instantiation linop :: (finite) real_normed_algebra_1
begin
lift_definition times_linop :: "'a linop \<Rightarrow> 'a linop \<Rightarrow> 'a linop" is
  "blinfun_compose::(real^'a) \<Rightarrow>\<^sub>L (real^'a) \<Rightarrow> _ \<Rightarrow> _" .
lift_definition one_linop :: "'a linop" is "id_blinfun::(real^'a) \<Rightarrow>\<^sub>L (real^'a)" .
instance
proof
  show "(0::'a linop) \<noteq> 1"
  proof transfer
    have "(0::(real^'a) \<Rightarrow>\<^sub>L (real^'a)) (axis undefined 1) \<noteq> id_blinfun (axis undefined 1)"
      by (simp add: axis_eq_0_iff)
    then show "(0::(real^'a) \<Rightarrow>\<^sub>L (real^'a)) \<noteq> id_blinfun" by metis
  qed
  show "norm (1::'a linop) = 1" by transfer simp
qed (transfer; auto intro!: blinfun_eqI simp: blinfun.bilinear_simps norm_blinfun_compose)+
end

instance linop :: (finite) banach
proof
  fix X :: "nat \<Rightarrow> 'a linop"
  assume "Cauchy X"
  then have "Cauchy (\<lambda>k. blinfun_of_linop (X k))"
    unfolding Cauchy_def by (simp add: dist_linop.rep_eq)
  then obtain L where L: "(\<lambda>k. blinfun_of_linop (X k)) \<longlonglongrightarrow> L"
    using convergent_def Cauchy_convergent_iff by blast
  have "X \<longlonglongrightarrow> Abs_linop L"
    using L unfolding tendsto_iff by (simp add: dist_linop.rep_eq Abs_linop_inverse)
  then show "convergent X" by (auto simp: convergent_def)
qed

definition linop_apply :: "'n::finite linop \<Rightarrow> real^'n \<Rightarrow> real^'n" where
  "linop_apply X v = blinfun_apply (blinfun_of_linop X) v"

lemma linop_apply_times: "linop_apply (X * Y) v = linop_apply X (linop_apply Y v)"
  unfolding linop_apply_def by (simp add: times_linop.rep_eq)

lemma linop_apply_one: "linop_apply 1 v = v"
  unfolding linop_apply_def by (simp add: one_linop.rep_eq)

lemma bounded_bilinear_linop_apply: "bounded_bilinear (linop_apply :: 'n::finite linop \<Rightarrow> _)"
proof -
  have "bounded_bilinear (\<lambda>(X::'n linop) v. blinfun_apply (blinfun_of_linop X) v)"
  proof
    show "\<exists>K. \<forall>X v. norm (blinfun_apply (blinfun_of_linop X) v) \<le> norm X * norm v * K"
      by (rule exI[where x=1]) (simp add: norm_linop.rep_eq norm_blinfun)
  qed (simp_all add: plus_linop.rep_eq scaleR_linop.rep_eq blinfun.bilinear_simps)
  then show ?thesis unfolding linop_apply_def .
qed

interpretation linop_apply: bounded_bilinear linop_apply
  by (rule bounded_bilinear_linop_apply)
lemma lcis_singleton: "lcis [x] [x] = 1"
  by (rule lcis_eqI[of "[x]"]) (auto dest: list_emb_length)

lemma inflate_Nil [simp]: "inflate [] = []"
  by (simp add: inflate_def)

lemma inflate_Cons [simp]: "inflate (a # A) = (2*a - 1) # 2*a # inflate A"
  by (simp add: inflate_def)

lemma inflate_append [simp]: "inflate (A @ B) = inflate A @ inflate B"
  by (simp add: inflate_def)

lemma length_inflate [simp]: "length (inflate A) = 2 * length A"
  by (induction A) simp_all

lemma set_inflate: "set (inflate A) = (\<lambda>a. 2*a - 1) ` set A \<union> (\<lambda>a. 2*a) ` set A"
  by (induction A) auto

lemma set_inflate_le: "(\<And>a. a \<in> set A \<Longrightarrow> a \<le> s) \<Longrightarrow> x \<in> set (inflate A) \<Longrightarrow> x \<le> 2*s"
  by (fastforce simp: set_inflate)

lemma subseq_inflate: "subseq Z X \<Longrightarrow> subseq (inflate Z) (inflate X)"
  by (induction rule: list_emb.induct) (auto simp: subseq_drop_many)

lemma sorted_inflate: "sorted_wrt (<) Z \<Longrightarrow> sorted_wrt (<) (inflate Z)"
  by (induction Z) (auto simp: set_inflate)

lemma length_same_parity_le_lcis:
  assumes Z: "sorted_wrt (<) Z" "subseq Z (inflate X)" "subseq Z (inflate Y)"
    and par: "\<And>x. x \<in> set Z \<Longrightarrow> even x \<longleftrightarrow> b"
  shows "length Z \<le> lcis X Y"
proof -
  define half :: "int \<Rightarrow> int" where "half x = (x + 1) div 2" for x
  have "Z = filter (\<lambda>x. even x \<longleftrightarrow> b) Z"
    using par by (simp add: filter_id_conv)
  moreover have "map half (filter (\<lambda>x. even x \<longleftrightarrow> b) (inflate A)) = A" for A
    by (induction A) (auto simp: half_def)
  ultimately have "subseq (map half Z) X" "subseq (map half Z) Y"
    using Z(2,3) by (metis subseq_filter subseq_map)+
  moreover have "sorted_wrt (<) (map half Z)"
    unfolding sorted_wrt_map half_def
    by (rule sorted_wrt_mono_rel[OF _ Z(1)]) (use par half_less_half_same_parity in blast)
  ultimately show ?thesis
    using length_le_lcis by fastforce
qed
(* Let $A$ be a rational $m\times n$ matrix of full row rank with $m\geq 2$, and let $r=A_i$ be a row of $A$ all of whose entries lie in $\{0,1,-1\}$. Then $A$ is equimodular if and only if the trim $A/\!\!/(i,j)$ is equimodular for every $j\in\operatorname{supp}(r)$.
   Context: An $m\times n$ matrix is equimodular if it has full row rank $m$ and all its nonzero $m\times m$ minors have the same absolute value. $\operatorname{supp}(x)$ is the set of indices of nonzero coordinates of $x$. For a position $p=(i,j)$ with $A_i^j\neq0$, the pivot $A/p$ is obtained from $A$ by dividing row $i$ by $A_i^j$ and adding suitable multiples of this new row to the other rows so that column $j$ becomes the $i$-th unit vector; the trim $A/\!\!/p$ is obtained from $A/p$ by deleting row $i$ and column $j$. *)

theory Defs
  imports "Jordan_Normal_Form.DL_Rank" "Jordan_Normal_Form.DL_Submatrix" "Jordan_Normal_Form.Determinant"
begin

definition full_row_rank :: "rat mat \<Rightarrow> bool" where
  "full_row_rank A \<longleftrightarrow> vec_space.rank (dim_row A) A = dim_row A"

definition minor_cols :: "rat mat \<Rightarrow> nat set \<Rightarrow> rat" where
  "minor_cols A J = det (submatrix A {..<dim_row A} J)"

definition equimodular :: "rat mat \<Rightarrow> bool" where
  "equimodular A \<longleftrightarrow> full_row_rank A \<and>
     (\<forall>J J'. J \<subseteq> {..<dim_col A} \<and> card J = dim_row A \<and>
             J' \<subseteq> {..<dim_col A} \<and> card J' = dim_row A \<and>
             minor_cols A J \<noteq> 0 \<and> minor_cols A J' \<noteq> 0
             \<longrightarrow> \<bar>minor_cols A J\<bar> = \<bar>minor_cols A J'\<bar>)"

definition pivot :: "rat mat \<Rightarrow> nat \<Rightarrow> nat \<Rightarrow> rat mat" where
  "pivot A i j = mat (dim_row A) (dim_col A)
     (\<lambda>(k,l). if k = i then A $$ (i,l) / A $$ (i,j)
              else A $$ (k,l) - A $$ (k,j) * (A $$ (i,l) / A $$ (i,j)))"

definition trim :: "rat mat \<Rightarrow> nat \<Rightarrow> nat \<Rightarrow> rat mat" where
  "trim A i j = submatrix (pivot A i j) ({..<dim_row A} - {i}) ({..<dim_col A} - {j})"

end

theory Submission
  imports Defs "Jordan_Normal_Form.DL_Rank_Submatrix"
begin

(*
  Pivoting on a position (i, j) with |A(i,j)| = 1 multiplies every m x m minor by +-1 and turns
  column j into the i-th unit vector. Expanding along that column, the minors of A through column j
  are, up to sign, exactly the minors of the trim A//(i,j). Hence the trims of an equimodular matrix
  are equimodular, and conversely, if the trims at the support of r are equimodular, any two nonzero
  minors of A sharing a support column have equal absolute value.

  Every nonzero minor meets supp(r), by Laplace expansion along row i. Let J, J' be nonzero minors
  with j in J and j' in J' support columns, j not in J'. Expanding det A_J' along the pivoted row
  expresses it through the minors on J' - {c} + {j}: either some term with c <> j' survives,
  giving a nonzero minor through both j and j', or only the term for c = j' does, and that minor
  through j has the same absolute value as J'. In both cases J and J' are linked by trims at
  support columns.
*)

section \<open>Enumerating index sets\<close>

lemma pick_lessThan: "a < m \<Longrightarrow> pick {..<m} a = a"
  using pick_reduce_set[of a m UNIV] by (simp add: pick_UNIV lessThan_def)

lemma strict_mono_on_pick: "strict_mono_on {..<card S} (pick S)"
  by (intro strict_mono_onI pick_mono) auto

lemma bij_betw_pick:
  assumes "finite S"
  shows "bij_betw (pick S) {..<card S} S"
proof -
  have inj: "inj_on (pick S) {..<card S}"
    by (rule strict_mono_on_imp_inj_on[OF strict_mono_on_pick])
  moreover have "pick S ` {..<card S} \<subseteq> S"
    using pick_in_set by blast
  moreover have "card (pick S ` {..<card S}) = card S"
    using card_image[OF inj] by simp
  ultimately show ?thesis
    using card_subset_eq[OF assms] by (simp add: bij_betw_def)
qed

lemma pick_image:
  fixes f :: "nat \<Rightarrow> nat"
  assumes f: "strict_mono_on K f" and b: "b < card K"
  shows "pick (f ` K) b = f (pick K b)"
proof -
  let ?y = "pick K b"
  have y: "?y \<in> K" and card_below: "card {k \<in> K. k < ?y} = b"
    using pick_in_set card_pick b by auto
  have "{x \<in> f ` K. x < f ?y} = f ` {k \<in> K. k < ?y}"
    using strict_mono_on_less[OF f _ y] by auto
  moreover have "inj_on f {k \<in> K. k < ?y}"
    using strict_mono_on_imp_inj_on[OF f] by (rule inj_on_subset) auto
  ultimately have "card {x \<in> f ` K. x < f ?y} = b"
    using card_below card_image by metis
  then show ?thesis
    using pick_card_in_set[of "f ?y" "f ` K"] y by simp
qed

lemma pick_lessThan_Diff_singleton:
  assumes i: "i < m" and a: "a < m - 1"
  shows "pick ({..<m} - {i}) a = insert_index i a"
proof -
  have "m = Suc (m - 1)"
    using i by simp
  then have "{..<m} - {i} = insert_index i ` {..<m - 1}"
    using insert_index_image[of i "m - 1"] i by (metis atLeast0LessThan)
  moreover have "strict_mono_on {..<m - 1} (insert_index i)"
    by (rule strict_mono_onI) (simp add: insert_index_def)
  ultimately have "pick ({..<m} - {i}) a = insert_index i (pick {..<m - 1} a)"
    using pick_image[of "{..<m - 1}" "insert_index i" a] a by simp
  then show ?thesis
    using pick_lessThan[OF a] by simp
qed

lemma
  assumes "I \<subseteq> {..<dim_row A}" "J \<subseteq> {..<dim_col A}"
  shows submatrix_carrier_subset: "submatrix A I J \<in> carrier_mat (card I) (card J)"
    and index_submatrix_subset:
      "a < card I \<Longrightarrow> b < card J \<Longrightarrow> submatrix A I J $$ (a, b) = A $$ (pick I a, pick J b)"
proof -
  have rows: "{i. i < dim_row A \<and> i \<in> I} = I" and cols: "{j. j < dim_col A \<and> j \<in> J} = J"
    using assms by blast+
  show "submatrix A I J \<in> carrier_mat (card I) (card J)"
    by (rule carrier_matI) (simp_all only: dim_submatrix rows cols)
  show "a < card I \<Longrightarrow> b < card J \<Longrightarrow> submatrix A I J $$ (a, b) = A $$ (pick I a, pick J b)"
    by (rule submatrix_index[of a A I b J, unfolded rows cols])
qed

lemma submatrix_submatrix:
  assumes I: "I \<subseteq> {..<dim_row A}" and J: "J \<subseteq> {..<dim_col A}"
    and I': "I' \<subseteq> {..<card I}" and J': "J' \<subseteq> {..<card J}"
  shows "submatrix (submatrix A I J) I' J' = submatrix A (pick I ` I') (pick J ` J')"
proof -
  have fin: "finite I" "finite J"
    using I J finite_subset by auto
  have mono: "strict_mono_on I' (pick I)" "strict_mono_on J' (pick J)"
    using monotone_on_subset[OF strict_mono_on_pick] I' J' by auto
  have "pick I ` I' \<subseteq> I" "pick J ` J' \<subseteq> J"
    using bij_betw_imp_surj_on[OF bij_betw_pick] fin I' J' by blast+
  then have range: "pick I ` I' \<subseteq> {..<dim_row A}" "pick J ` J' \<subseteq> {..<dim_col A}"
    using I J by auto
  have card: "card (pick I ` I') = card I'" "card (pick J ` J') = card J'"
    using card_image strict_mono_on_imp_inj_on mono by auto
  have B: "submatrix A I J \<in> carrier_mat (card I) (card J)"
    by (rule submatrix_carrier_subset[OF I J])
  then have I'': "I' \<subseteq> {..<dim_row (submatrix A I J)}"
    and J'': "J' \<subseteq> {..<dim_col (submatrix A I J)}"
    using I' J' by auto
  have dims: "dim_row (submatrix (submatrix A I J) I' J') = card I'"
    "dim_col (submatrix (submatrix A I J) I' J') = card J'"
    "dim_row (submatrix A (pick I ` I') (pick J ` J')) = card I'"
    "dim_col (submatrix A (pick I ` I') (pick J ` J')) = card J'"
    using submatrix_carrier_subset[OF I'' J''] submatrix_carrier_subset[OF range] unfolding card
    by (simp_all only: carrier_matD)
  show ?thesis
  proof (rule eq_matI)
    fix a b
    assume "a < dim_row (submatrix A (pick I ` I') (pick J ` J'))"
      and "b < dim_col (submatrix A (pick I ` I') (pick J ` J'))"
    then have a: "a < card I'" and b: "b < card J'"
      by (simp_all only: dims)
    have "pick I' a < card I" "pick J' b < card J"
      using pick_in_set a b I' J' by auto
    then have "submatrix (submatrix A I J) I' J' $$ (a, b)
        = A $$ (pick I (pick I' a), pick J (pick J' b))"
      using index_submatrix_subset[OF I'' J'' a b] index_submatrix_subset[OF I J] by simp
    also have "\<dots> = submatrix A (pick I ` I') (pick J ` J') $$ (a, b)"
      using index_submatrix_subset[OF range] card a b
      by (simp add: pick_image[OF mono(1) a] pick_image[OF mono(2) b])
    finally show "submatrix (submatrix A I J) I' J' $$ (a, b)
        = submatrix A (pick I ` I') (pick J ` J') $$ (a, b)" .
  qed (simp_all only: dims)
qed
*****
> _What the task requires_
Please, from the material above, copy only the lines from the line with "using card_subset_eq[OF assms]" up to and including the line with "using strict_mono_on_imp_inj_on[OF f]", exactly as written.

> _Finished task_
    using card_subset_eq[OF assms] by (simp add: bij_betw_def)
qed

lemma pick_image:
  fixes f :: "nat \<Rightarrow> nat"
  assumes f: "strict_mono_on K f" and b: "b < card K"
  shows "pick (f ` K) b = f (pick K b)"
proof -
  let ?y = "pick K b"
  have y: "?y \<in> K" and card_below: "card {k \<in> K. k < ?y} = b"
    using pick_in_set card_pick b by auto
  have "{x \<in> f ` K. x < f ?y} = f ` {k \<in> K. k < ?y}"
    using strict_mono_on_less[OF f _ y] by auto
  moreover have "inj_on f {k \<in> K. k < ?y}"
    using strict_mono_on_imp_inj_on[OF f] by (rule inj_on_subset) auto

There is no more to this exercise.